The University of Mary Washington in Virginia belongs to a small cluster of schools nationwide that face unusual financial challenges and market pressures: public liberal arts colleges.
Troy D. Paino, the new president of UMW, said in a visit this week to The Washington Post that he wants to help the school “adapt to 21st century realities.”
In many ways, those realities boil down to funding and enrollment.
With about 4,300 undergraduates, the school in Fredericksburg, Va., named for the mother of the first U.S. president, aims to offer a liberal arts experience at a small fraction of the price of the nation’s private colleges.
Classes are relatively small, with a student-faculty ratio of 14 to 1. Tuition and fees this year total $11,570 for Virginia students and $26,160 for those from out of state. Private liberal arts college tuition often tops $50,000 a year — money that funds seminar-style teaching in a residential setting.
For a public college, keeping classes small and building cohesive learning communities requires constant fiscal vigilance at a time when state funding for higher education — in Virginia and elsewhere — is far less than it was a few decades ago.
Small class sizes are “hard to support in this era of declining state support,” Paino said. “You can see why presidents go down the road of growing enrollment for economies of scale.”
Paino doesn’t want to do that. UMW enrolled a record first-year class of 980 students this fall. But he wants to limit that figure in future years to 950 or fewer, to ensure that undergraduates continue to have close contact with professors. Instead, Paino wants to expand graduate enrollment with master’s programs targeting adults in the Interstate 95 corridor between Washington and Richmond. He also wants new degrees in nursing and other subjects to help “meet regional needs.”
UMW has about 300 graduate students, mainly in business and education. Paino said he hopes to double or triple that total in the next five years. He also said the school could seek to expand its work with transfer students who are seeking to complete a degree.
About 82 percent of freshmen at UMW in 2014 re-enrolled as sophomores in 2015 — a retention rate Paino wants to raise. “It needs to get closer to 90 percent,” he said. He also wants to raise the six-year graduation rate — which stood at 70 percent in 2015 — to at least 75 percent. About 17 percent of undergraduates at UMW have enough financial need to qualify for federal Pell grants.
In 2015, UMW was shaken by the killing of a 20-year-old student and allegations from a feminist group that school officials had failed to act on threats against its members that surfaced on the messaging app Yik Yak. Officials denied at the time that they ignored safety concerns. There were also complaints that year about a lewd chant from the school rugby team that was captured on a recording.
“That was a bad year with some bad headlines,” Paino acknowledged. He said he has reached out to student groups since taking office to assure them that he wants to promote a culture of respect and tolerance on campus.
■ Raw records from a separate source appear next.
lemma ncc_pairwise_error_le:
  fixes C m :: nat and D :: "nat \<Rightarrow> 'x measure" and f :: "'x \<Rightarrow> real^'d" and i j :: nat
  assumes m: "m \<ge> 2"
    and prob: "\<And>c. c < C \<Longrightarrow> prob_space (D c)"
    and f_meas: "\<And>c. c < C \<Longrightarrow> f \<in> borel_measurable (D c)"
    and fourth: "\<And>c. c < C \<Longrightarrow> integrable (D c) (\<lambda>x. (norm (f x - cmean D f c))^4)"
    and ij: "i < C" "j < C" "i \<noteq> j"
    and sep: "cdist D f i j > 0"
    and gap: "(cdist D f i j)^2 + (cvar D f j - cvar D f i) / real m > 0"
  shows "measure (ncc_space C m D i)
     {\<omega> \<in> space (ncc_space C m D i).
        (norm (f (snd \<omega>) - (1 / real m) *\<^sub>R (\<Sum>s<m. f (fst \<omega> j s))))^2
        \<le> (norm (f (snd \<omega>) - (1 / real m) *\<^sub>R (\<Sum>s<m. f (fst \<omega> i s))))^2}
   \<le> 4 * dir_cdnv D f i j /
          (1 + (cvar D f j - cvar D f i) / (real m * (cdist D f i j)^2))^2
     + (sqrt (4 / real m * ((cdnv D f i j)^2 + cdnv D f i j / 4))
         + sqrt (cdnv D f i j / real m)
         + sqrt ((ctheta D f i j + 2 * (real m - 1) * (cdnv D f i j)^2) / (real m)^3))^2 /
          (1 + (cvar D f j - cvar D f i) / (real m * (cdist D f i j)^2))^2" (is "?P \<le> ?bound")
proof -
  define g where "g c x = f x - cmean D f c" for c x
  define \<delta> where "\<delta> = cmean D f j - cmean D f i"
  have "centred_fourth_moment (D c) (g c)" if "c < C" for c
    unfolding g_def[abs_def] using that by (intro centred_fourth_moment_class prob f_meas fourth)
  then interpret ncc_pair "D i" "g i" "D j" "g j" m \<delta>
    using ij m by (simp add: ncc_pair_def ncc_pair_axioms_def)
  have moments: "a.second_moment = cvar D f i" "b.second_moment = cvar D f j"
    "a.fourth_moment = cM4 D f i" "b.fourth_moment = cM4 D f j"
    by (simp_all add: a.second_moment_def b.second_moment_def a.fourth_moment_def
        b.fourth_moment_def cvar_def cM4_def g_def)
  have d: "cdist D f i j = norm \<delta>" unfolding cdist_def \<delta>_def ..
  have margin_pos: "expected_margin > 0"
    using gap by (simp add: expected_margin_def moments d)
  have dir: "dir_var \<delta> = (cdist D f i j)^2 * covq D f i (cdir D f i j)"
    unfolding cdist_sq_mult_covq_cdir[OF sep] dir_var_def \<delta>_def g_def ..
  have mean_j: "f z - (1 / real m) *\<^sub>R (\<Sum>s<m. f (ys s)) = g i z - \<delta> - b.sample_mean m ys" for ys z
    using scaleR_sum_shift[of m "\<lambda>s. f (ys s)" "cmean D f j"] m
    by (simp add: b.sample_mean_def b.sample_sum_def g_def \<delta>_def algebra_simps)
  have mean_i: "f z - (1 / real m) *\<^sub>R (\<Sum>s<m. f (xs s)) = g i z - a.sample_mean m xs" for xs z
    using scaleR_sum_shift[of m "\<lambda>s. f (xs s)" "cmean D f i"] m
    by (simp add: a.sample_mean_def a.sample_sum_def g_def algebra_simps)
  have closer: "(norm (f z - (1 / real m) *\<^sub>R (\<Sum>s<m. f (ys s))))^2
      \<le> (norm (f z - (1 / real m) *\<^sub>R (\<Sum>s<m. f (xs s))))^2 \<longleftrightarrow> margin ((xs, ys), z) \<le> 0" for xs ys z
    unfolding mean_j[of z ys] mean_i[of z xs] margin_def by simp
  have "?P = measure episode {\<eta> \<in> space episode. margin \<eta> \<le> 0}"
    using measure_ncc_space_two_classes[OF prob ij, where P = "\<lambda>xs ys z. margin ((xs, ys), z) \<le> 0"]
      measurable_margin
    by (simp add: closer episode_def supports_def a.iid_def b.iid_def)
  also note prob_margin_nonpos_le[OF m margin_pos]
  also have "margin_noise_bound / expected_margin^2 \<le> ?bound"
    unfolding margin_noise_bound_def dir d[symmetric] moments expected_margin_def
      dir_cdnv_def cdnv_def ctheta_def
    by (rule pairwise_bound_normalised)
      (use sep m gap a.second_moment_nonneg b.second_moment_nonneg a.fourth_moment_nonneg
        b.fourth_moment_nonneg in \<open>simp_all add: moments\<close>)
  finally show ?thesis .
qed
(* For every $\theta\in\mathbb{R}$, integer $m\ge1$, $x=x_1\cdots x_m\in\{0,1\}^m$ and one-qubit state $|\psi\rangle$, $$\langle x|_{1\ldots m}\,(M_{m,\theta}^\dagger)_{1\ldots m}\prod_{i=1}^m\mathrm{CNOT}_{i,m+1}\,|+\rangle^{\otimes m}\otimes|\psi\rangle=\langle x|_{1\ldots m}\prod_{i=1}^m(A_\theta^\dagger)_i\,\mathrm{CNOT}_{i,m+1}\,|+\rangle^{\otimes m}\otimes|\psi\rangle .$$
   Context: $X$ is the Pauli-$X$ matrix, $|+\rangle=(|0\rangle+|1\rangle)/\sqrt2$, $\mathrm{CNOT}_{i,j}$ has control $i$ and target $j$, and $\langle x|_{1\ldots m}$ is the partial inner product on qubits $1,\dots,m$. $A_\theta=|0\rangle\langle0|+e^{-i\theta X}|1\rangle\langle1|$. $M_{m,\theta}$ is the (non-unitary) $m$-qubit operator defined on basis states by $M_{m,\theta}|x_1\cdots x_m\rangle=\bigotimes_{j=1}^m e^{-i\theta x_{j-1}X}|x_j\rangle$, with indices mod $m$ (so $x_0=x_m$). *)

theory Defs
  imports Complex_Main
begin

text \<open>An n-qubit computational basis state |b_1 ... b_n> is a list b of
  booleans of length n (qubit i, 1-indexed, is b ! (i-1); False = 0, True = 1).
  An n-qubit vector is a function from such lists to complex amplitudes, and an
  n-qubit operator is given by its matrix entries U y x = <y|U|x>.\<close>

definition basis :: "nat \<Rightarrow> bool list set" where
  "basis n = {xs. length xs = n}"

type_synonym qvec = "bool list \<Rightarrow> complex"
type_synonym qop = "bool list \<Rightarrow> bool list \<Rightarrow> complex"

definition apply_op :: "nat \<Rightarrow> qop \<Rightarrow> qvec \<Rightarrow> qvec" where
  "apply_op n U v = (\<lambda>y. \<Sum>x\<in>basis n. U y x * v x)"

definition dagger :: "('a \<Rightarrow> 'a \<Rightarrow> complex) \<Rightarrow> 'a \<Rightarrow> 'a \<Rightarrow> complex" where
  "dagger U = (\<lambda>y x. cnj (U x y))"

definition kdelta :: "'a \<Rightarrow> 'a \<Rightarrow> complex" where
  "kdelta a b = (if a = b then 1 else 0)"

text \<open>Pauli X and exp(-i theta X) = cos theta I - i sin theta X (written out).\<close>
definition pauliX :: "bool \<Rightarrow> bool \<Rightarrow> complex" where
  "pauliX a b = (if a \<noteq> b then 1 else 0)"

definition expX :: "real \<Rightarrow> bool \<Rightarrow> bool \<Rightarrow> complex" where
  "expX \<theta> a b = complex_of_real (cos \<theta>) * kdelta a b - \<i> * complex_of_real (sin \<theta>) * pauliX a b"

text \<open>A_theta = |0><0| + exp(-i theta X)|1><1|.\<close>
definition A_op :: "real \<Rightarrow> bool \<Rightarrow> bool \<Rightarrow> complex" where
  "A_op \<theta> a b = (if b then expX \<theta> a True else kdelta a False)"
Paino, 53, an American studies scholar with expertise in legal and sports history, started at UMW on July 1 after serving six years as president of Truman State University in Missouri. He wears another hat as president of the Council of Public Liberal Arts Colleges. These 30 schools include UMW and Truman State, as well as St. Mary’s College of Maryland, New College of Florida and the University of North Carolina at Asheville.
As a group, these colleges are far outnumbered by mid-sized and large public universities. Paino said the small colleges need to educate consumers about what they offer. “Our calling card is a strong sense of community,” he said.
Too often, he said, students choose schools based on “what teams they are watching on ESPN.” (Mary Washington has NCAA Division III athletics.) He wants students to think instead about the quality of the classes they take and whether they are likely to graduate with significant debt.
“A lot of students would thrive in a public liberal arts college,” Paino said. “But they don’t know what that means. We need to tell our story.”